lemma risk_linear_forecaster:
  assumes "\<sigma> > 0" and lin: "\<And>y t. 1 \<le> t \<Longrightarrow> f y t = (\<Sum>s\<in>{1..<t}. a t s * y s)"
  shows "risk f \<sigma> n \<theta> = ennreal (linear_risk a \<sigma> n \<theta>)"
proof -
  let ?bias = "\<lambda>t. (\<Sum>s\<in>{1..<t}. a t s * \<theta> s) - \<theta> t"
  have error: "f (\<lambda>s. \<theta> s + Z s) t - \<theta> t = ?bias t + (\<Sum>s\<in>{1..<t}. a t s * Z s)"
    if "1 \<le> t" for Z t
    using that by (simp add: lin distrib_left sum.distrib)
  have "has_bochner_integral (noise \<sigma> n)
      (\<lambda>Z. \<Sum>t\<in>{1..n}. (?bias t + (\<Sum>s\<in>{1..<t}. a t s * Z s))\<^sup>2) (linear_risk a \<sigma> n \<theta>)"
    unfolding noise_def linear_risk_def
    by (intro has_bochner_integral_sum has_bochner_integral_PiM_affine_square[OF
        prob_space_normal_density[OF assms(1)] has_bochner_integral_normal_density_centered[OF assms(1)]])
      auto
  then have "has_bochner_integral (noise \<sigma> n)
      (\<lambda>Z. \<Sum>t\<in>{1..n}. (f (\<lambda>s. \<theta> s + Z s) t - \<theta> t)\<^sup>2) (linear_risk a \<sigma> n \<theta>)"
    by (rule has_bochner_integral_cong[THEN iffD1, rotated 3]) (auto simp: error intro!: sum.cong)
  then show ?thesis
    unfolding risk_def
    by (subst nn_integral_eq_integral) (auto simp: has_bochner_integral_iff intro!: sum_nonneg)
qed

definition step_signal :: "real \<Rightarrow> nat \<Rightarrow> nat \<Rightarrow> real" where
  "step_signal C \<tau> s = (if \<tau> \<le> s then C else 0)"

lemma step_signal_admissible:
  assumes "0 \<le> C" and "0 \<le> U" and "\<tau> \<in> {2..n}"
  shows "step_signal C \<tau> \<in> {\<theta> \<in> TV n C. \<bar>\<theta> 1\<bar> \<le> U}"
proof -
  have "(\<Sum>i\<in>{2..n}. \<bar>step_signal C \<tau> i - step_signal C \<tau> (i - 1)\<bar>) = (\<Sum>i\<in>{2..n}. if i = \<tau> then C else 0)"
    using assms by (intro sum.cong) (auto simp: step_signal_def)
  also have "\<dots> = C" using assms(3) by simp
  finally show ?thesis using assms by (auto simp: TV_def step_signal_def)
qed

lemma bias_step_signal:
  assumes "1 \<le> \<tau>" and "\<tau> \<le> t"
  shows "(\<Sum>s\<in>{1..<t}. a s * step_signal C \<tau> s) - step_signal C \<tau> t = C * ((\<Sum>s\<in>{\<tau>..<t}. a s) - 1)"
proof -
  have "(\<Sum>s\<in>{1..<t}. a s * step_signal C \<tau> s) = (\<Sum>s\<in>{s\<in>{1..<t}. \<tau> \<le> s}. a s * C)"
    unfolding sum.inter_filter[OF finite_atLeastLessThan] by (intro sum.cong) (auto simp: step_signal_def)
  also have "{s\<in>{1..<t}. \<tau> \<le> s} = {\<tau>..<t}" using assms by auto
  finally show ?thesis using assms by (simp add: step_signal_def sum_distrib_left right_diff_distrib mult.commute)
qed


lemma window_bias_or_variance_ge:
  fixes a :: "nat \<Rightarrow> real"
  assumes "1 \<le> M" and "M < t" and "0 \<le> K"
  shows "min (C\<^sup>2 * real M / 4) (K / (4 * real M))
    \<le> (\<Sum>\<tau>\<in>{t+1-M..t}. (C * ((\<Sum>s\<in>{\<tau>..<t}. a s) - 1))\<^sup>2) + K * (\<Sum>s\<in>{1..<t}. (a s)\<^sup>2)"
proof (cases "\<forall>\<tau>\<in>{t+1-M..t}. (\<Sum>s\<in>{\<tau>..<t}. a s) \<le> 1/2")
  case True
  have "C\<^sup>2 / 4 \<le> (C * ((\<Sum>s\<in>{\<tau>..<t}. a s) - 1))\<^sup>2" if "\<tau> \<in> {t+1-M..t}" for \<tau>
  proof -
    have "(1/2)\<^sup>2 \<le> (1 - (\<Sum>s\<in>{\<tau>..<t}. a s))\<^sup>2"
      using True that by (intro power_mono) auto
    then have "C\<^sup>2 * (1/2)\<^sup>2 \<le> C\<^sup>2 * (1 - (\<Sum>s\<in>{\<tau>..<t}. a s))\<^sup>2"
      by (intro mult_left_mono) auto
    also have "\<dots> = (C * ((\<Sum>s\<in>{\<tau>..<t}. a s) - 1))\<^sup>2"
      by (simp add: power_mult_distrib power2_commute)
    finally show ?thesis by (simp add: power2_eq_square)
  qed
  then have "real (card {t+1-M..t}) * (C\<^sup>2 / 4) \<le> (\<Sum>\<tau>\<in>{t+1-M..t}. (C * ((\<Sum>s\<in>{\<tau>..<t}. a s) - 1))\<^sup>2)"
    by (intro sum_bounded_below) auto
  moreover have "real (card {t+1-M..t}) * (C\<^sup>2 / 4) = C\<^sup>2 * M / 4" using assms by simp
  moreover have "0 \<le> K * (\<Sum>s\<in>{1..<t}. (a s)\<^sup>2)" using assms by (intro mult_nonneg_nonneg sum_nonneg) auto
  ultimately show ?thesis by (intro min.coboundedI1) linarith
next
  case False
  then obtain \<tau> where \<tau>: "\<tau> \<in> {t+1-M..t}" and large: "1/2 < (\<Sum>s\<in>{\<tau>..<t}. a s)" by auto
  have "(1/2)\<^sup>2 < (\<Sum>s\<in>{\<tau>..<t}. a s)\<^sup>2" using large by (intro power_strict_mono) auto
  also have "\<dots> \<le> (\<Sum>s\<in>{\<tau>..<t}. (a s)\<^sup>2) * card {\<tau>..<t}"
    by (rule sum_squared_le_sum_of_squares)
  also have "\<dots> \<le> (\<Sum>s\<in>{1..<t}. (a s)\<^sup>2) * M"
    using \<tau> assms by (intro mult_mono sum_mono2) (auto intro: sum_nonneg)
  finally have "1 / (4 * real M) \<le> (\<Sum>s\<in>{1..<t}. (a s)\<^sup>2)"
    using assms by (simp add: field_simps power2_eq_square)
  then have "K / (4 * real M) \<le> K * (\<Sum>s\<in>{1..<t}. (a s)\<^sup>2)"
    using mult_left_mono[OF _ assms(3)] by fastforce
  moreover have "0 \<le> (\<Sum>\<tau>\<in>{t+1-M..t}. (C * ((\<Sum>s\<in>{\<tau>..<t}. a s) - 1))\<^sup>2)" by (intro sum_nonneg) auto
  ultimately show ?thesis by (intro min.coboundedI2) linarith
qed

_Exercise goal_:
Copy from the entries only those lines that hold the word "cong".

_Written answer_:
    by (rule has_bochner_integral_cong[THEN iffD1, rotated 3]) (auto simp: error intro!: sum.cong)
    using assms by (intro sum.cong) (auto simp: step_signal_def)
    unfolding sum.inter_filter[OF finite_atLeastLessThan] by (intro sum.cong) (auto simp: step_signal_def)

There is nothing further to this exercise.